The task | Show every line below where "length" appears.
--- START ---
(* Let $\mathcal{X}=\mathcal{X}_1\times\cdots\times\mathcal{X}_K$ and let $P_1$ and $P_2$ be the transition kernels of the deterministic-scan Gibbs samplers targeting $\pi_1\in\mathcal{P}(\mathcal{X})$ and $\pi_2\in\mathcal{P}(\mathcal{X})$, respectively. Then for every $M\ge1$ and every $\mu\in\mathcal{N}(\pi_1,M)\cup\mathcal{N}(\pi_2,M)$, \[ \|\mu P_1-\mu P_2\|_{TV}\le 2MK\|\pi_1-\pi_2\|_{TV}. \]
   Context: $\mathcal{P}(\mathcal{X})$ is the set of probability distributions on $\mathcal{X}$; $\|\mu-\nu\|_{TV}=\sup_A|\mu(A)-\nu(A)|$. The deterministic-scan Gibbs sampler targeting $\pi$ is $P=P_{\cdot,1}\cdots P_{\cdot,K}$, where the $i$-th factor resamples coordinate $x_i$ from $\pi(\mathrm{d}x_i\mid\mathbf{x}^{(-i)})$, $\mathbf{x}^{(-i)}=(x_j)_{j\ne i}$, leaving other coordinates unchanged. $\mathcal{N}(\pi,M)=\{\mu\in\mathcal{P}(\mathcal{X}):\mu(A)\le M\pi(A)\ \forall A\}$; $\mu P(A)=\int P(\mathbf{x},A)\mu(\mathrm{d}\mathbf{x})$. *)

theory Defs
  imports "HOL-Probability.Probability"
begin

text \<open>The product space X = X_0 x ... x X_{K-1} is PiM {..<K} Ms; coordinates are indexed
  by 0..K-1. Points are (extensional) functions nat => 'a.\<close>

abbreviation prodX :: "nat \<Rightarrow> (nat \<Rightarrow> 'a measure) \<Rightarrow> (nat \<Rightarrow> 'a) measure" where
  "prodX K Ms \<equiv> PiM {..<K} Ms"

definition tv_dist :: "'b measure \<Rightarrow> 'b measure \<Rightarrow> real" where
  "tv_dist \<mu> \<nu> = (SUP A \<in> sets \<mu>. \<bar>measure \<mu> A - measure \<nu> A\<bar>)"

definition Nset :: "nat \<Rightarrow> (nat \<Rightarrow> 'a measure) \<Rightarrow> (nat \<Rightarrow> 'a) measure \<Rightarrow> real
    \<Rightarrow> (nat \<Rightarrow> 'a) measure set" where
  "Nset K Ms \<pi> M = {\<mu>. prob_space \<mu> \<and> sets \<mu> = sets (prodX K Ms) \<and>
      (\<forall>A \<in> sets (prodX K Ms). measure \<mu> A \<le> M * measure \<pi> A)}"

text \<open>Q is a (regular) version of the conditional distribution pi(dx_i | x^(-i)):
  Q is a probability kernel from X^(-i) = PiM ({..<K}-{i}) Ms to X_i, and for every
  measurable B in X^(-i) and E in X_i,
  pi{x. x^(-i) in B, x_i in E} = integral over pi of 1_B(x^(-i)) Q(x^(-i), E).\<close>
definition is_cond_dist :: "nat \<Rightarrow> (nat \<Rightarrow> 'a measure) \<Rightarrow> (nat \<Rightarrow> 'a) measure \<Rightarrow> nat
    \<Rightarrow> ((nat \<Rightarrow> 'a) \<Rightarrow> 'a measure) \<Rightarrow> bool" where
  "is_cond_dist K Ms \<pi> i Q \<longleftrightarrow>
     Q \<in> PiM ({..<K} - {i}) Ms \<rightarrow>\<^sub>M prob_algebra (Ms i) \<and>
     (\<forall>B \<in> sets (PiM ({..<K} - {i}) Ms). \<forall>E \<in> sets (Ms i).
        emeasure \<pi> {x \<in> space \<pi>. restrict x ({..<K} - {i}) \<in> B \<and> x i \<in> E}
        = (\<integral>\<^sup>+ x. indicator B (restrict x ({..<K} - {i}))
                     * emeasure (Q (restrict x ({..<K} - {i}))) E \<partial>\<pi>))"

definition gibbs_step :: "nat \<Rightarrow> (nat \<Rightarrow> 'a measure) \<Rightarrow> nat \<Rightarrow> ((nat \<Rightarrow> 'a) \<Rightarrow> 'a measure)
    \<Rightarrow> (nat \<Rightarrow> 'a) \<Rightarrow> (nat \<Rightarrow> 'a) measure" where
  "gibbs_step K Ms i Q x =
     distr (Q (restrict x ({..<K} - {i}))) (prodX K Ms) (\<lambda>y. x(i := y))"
--- END ---
--- START ---
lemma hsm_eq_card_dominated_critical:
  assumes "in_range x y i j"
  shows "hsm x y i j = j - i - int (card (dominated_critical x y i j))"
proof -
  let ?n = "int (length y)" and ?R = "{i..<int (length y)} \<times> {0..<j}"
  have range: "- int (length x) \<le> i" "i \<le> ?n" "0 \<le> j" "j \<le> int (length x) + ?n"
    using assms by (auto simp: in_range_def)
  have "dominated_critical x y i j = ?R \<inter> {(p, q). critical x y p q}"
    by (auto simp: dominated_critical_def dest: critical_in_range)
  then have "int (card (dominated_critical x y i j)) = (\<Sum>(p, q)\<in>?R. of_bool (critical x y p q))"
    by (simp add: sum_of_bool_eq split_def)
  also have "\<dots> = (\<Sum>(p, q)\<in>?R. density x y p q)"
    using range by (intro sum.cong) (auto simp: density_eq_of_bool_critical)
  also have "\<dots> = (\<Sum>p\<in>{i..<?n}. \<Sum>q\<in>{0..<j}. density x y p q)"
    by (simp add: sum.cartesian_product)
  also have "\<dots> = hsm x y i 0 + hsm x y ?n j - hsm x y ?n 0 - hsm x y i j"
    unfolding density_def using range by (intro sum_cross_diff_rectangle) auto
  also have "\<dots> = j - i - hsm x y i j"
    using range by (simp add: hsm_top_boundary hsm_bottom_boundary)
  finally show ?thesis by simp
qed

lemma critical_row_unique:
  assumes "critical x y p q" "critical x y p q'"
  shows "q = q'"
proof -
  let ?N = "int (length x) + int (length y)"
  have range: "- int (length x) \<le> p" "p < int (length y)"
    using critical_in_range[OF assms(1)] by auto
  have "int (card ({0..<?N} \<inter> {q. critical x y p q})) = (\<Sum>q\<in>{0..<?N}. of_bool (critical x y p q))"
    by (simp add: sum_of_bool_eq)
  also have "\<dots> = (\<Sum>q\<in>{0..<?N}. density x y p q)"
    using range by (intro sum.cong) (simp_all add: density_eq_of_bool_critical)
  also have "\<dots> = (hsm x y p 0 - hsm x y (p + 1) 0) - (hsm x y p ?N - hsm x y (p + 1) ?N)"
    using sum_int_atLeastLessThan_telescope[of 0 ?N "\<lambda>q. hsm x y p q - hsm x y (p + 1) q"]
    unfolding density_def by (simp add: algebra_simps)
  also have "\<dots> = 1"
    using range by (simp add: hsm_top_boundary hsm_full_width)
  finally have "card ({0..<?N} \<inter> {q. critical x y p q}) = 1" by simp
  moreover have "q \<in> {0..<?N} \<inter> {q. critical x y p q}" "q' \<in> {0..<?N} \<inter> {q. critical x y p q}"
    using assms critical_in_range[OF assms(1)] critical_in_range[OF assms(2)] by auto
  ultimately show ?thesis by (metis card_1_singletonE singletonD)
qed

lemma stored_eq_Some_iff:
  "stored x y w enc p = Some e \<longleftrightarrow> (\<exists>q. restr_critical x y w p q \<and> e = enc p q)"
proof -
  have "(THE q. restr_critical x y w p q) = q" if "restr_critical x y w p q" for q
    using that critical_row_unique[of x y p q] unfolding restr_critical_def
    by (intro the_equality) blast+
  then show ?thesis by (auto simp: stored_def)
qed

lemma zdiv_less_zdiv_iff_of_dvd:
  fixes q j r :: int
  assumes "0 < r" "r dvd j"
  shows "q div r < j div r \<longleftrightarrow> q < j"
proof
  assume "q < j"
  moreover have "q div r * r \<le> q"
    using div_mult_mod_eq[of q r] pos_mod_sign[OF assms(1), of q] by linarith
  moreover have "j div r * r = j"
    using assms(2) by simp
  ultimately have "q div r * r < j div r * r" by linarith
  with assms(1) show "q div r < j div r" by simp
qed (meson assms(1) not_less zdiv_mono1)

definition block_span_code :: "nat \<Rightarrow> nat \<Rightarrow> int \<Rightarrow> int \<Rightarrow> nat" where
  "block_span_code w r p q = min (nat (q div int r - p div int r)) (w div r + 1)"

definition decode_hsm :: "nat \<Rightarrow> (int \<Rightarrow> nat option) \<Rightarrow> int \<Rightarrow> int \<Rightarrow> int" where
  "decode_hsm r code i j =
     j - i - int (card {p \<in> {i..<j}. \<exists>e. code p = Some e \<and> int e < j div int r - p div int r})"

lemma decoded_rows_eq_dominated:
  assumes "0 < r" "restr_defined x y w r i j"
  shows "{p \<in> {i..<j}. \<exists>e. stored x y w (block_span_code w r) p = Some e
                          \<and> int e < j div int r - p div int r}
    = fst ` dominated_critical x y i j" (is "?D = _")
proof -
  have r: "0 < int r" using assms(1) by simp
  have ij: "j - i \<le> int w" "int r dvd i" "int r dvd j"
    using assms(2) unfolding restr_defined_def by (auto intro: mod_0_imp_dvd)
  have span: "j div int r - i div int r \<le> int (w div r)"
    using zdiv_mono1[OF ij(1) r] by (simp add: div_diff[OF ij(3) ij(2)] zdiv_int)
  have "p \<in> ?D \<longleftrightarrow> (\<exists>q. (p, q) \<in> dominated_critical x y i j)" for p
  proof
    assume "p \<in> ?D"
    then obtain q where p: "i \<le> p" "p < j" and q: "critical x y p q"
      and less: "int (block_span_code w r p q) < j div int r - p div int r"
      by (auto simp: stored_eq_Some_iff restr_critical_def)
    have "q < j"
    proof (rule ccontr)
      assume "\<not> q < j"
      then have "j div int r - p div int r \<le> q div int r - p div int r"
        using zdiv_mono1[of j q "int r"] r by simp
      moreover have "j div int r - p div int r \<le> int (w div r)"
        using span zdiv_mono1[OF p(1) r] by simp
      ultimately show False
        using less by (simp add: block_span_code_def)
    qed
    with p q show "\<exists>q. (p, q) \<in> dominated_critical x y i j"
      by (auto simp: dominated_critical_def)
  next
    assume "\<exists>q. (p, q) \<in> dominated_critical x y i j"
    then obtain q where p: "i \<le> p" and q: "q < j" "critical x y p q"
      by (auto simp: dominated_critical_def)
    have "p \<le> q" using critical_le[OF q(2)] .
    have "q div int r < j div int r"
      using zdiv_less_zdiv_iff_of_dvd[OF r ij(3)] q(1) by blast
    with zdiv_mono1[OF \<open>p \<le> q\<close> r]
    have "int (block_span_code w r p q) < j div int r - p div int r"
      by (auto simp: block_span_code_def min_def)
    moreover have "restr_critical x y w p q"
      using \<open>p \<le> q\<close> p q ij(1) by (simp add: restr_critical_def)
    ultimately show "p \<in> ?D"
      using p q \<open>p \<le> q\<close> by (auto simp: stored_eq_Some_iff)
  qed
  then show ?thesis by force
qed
--- END ---
The answer |
  let ?n = "int (length y)" and ?R = "{i..<int (length y)} \<times> {0..<j}"
  have range: "- int (length x) \<le> i" "i \<le> ?n" "0 \<le> j" "j \<le> int (length x) + ?n"
  let ?N = "int (length x) + int (length y)"
  have range: "- int (length x) \<le> p" "p < int (length y)"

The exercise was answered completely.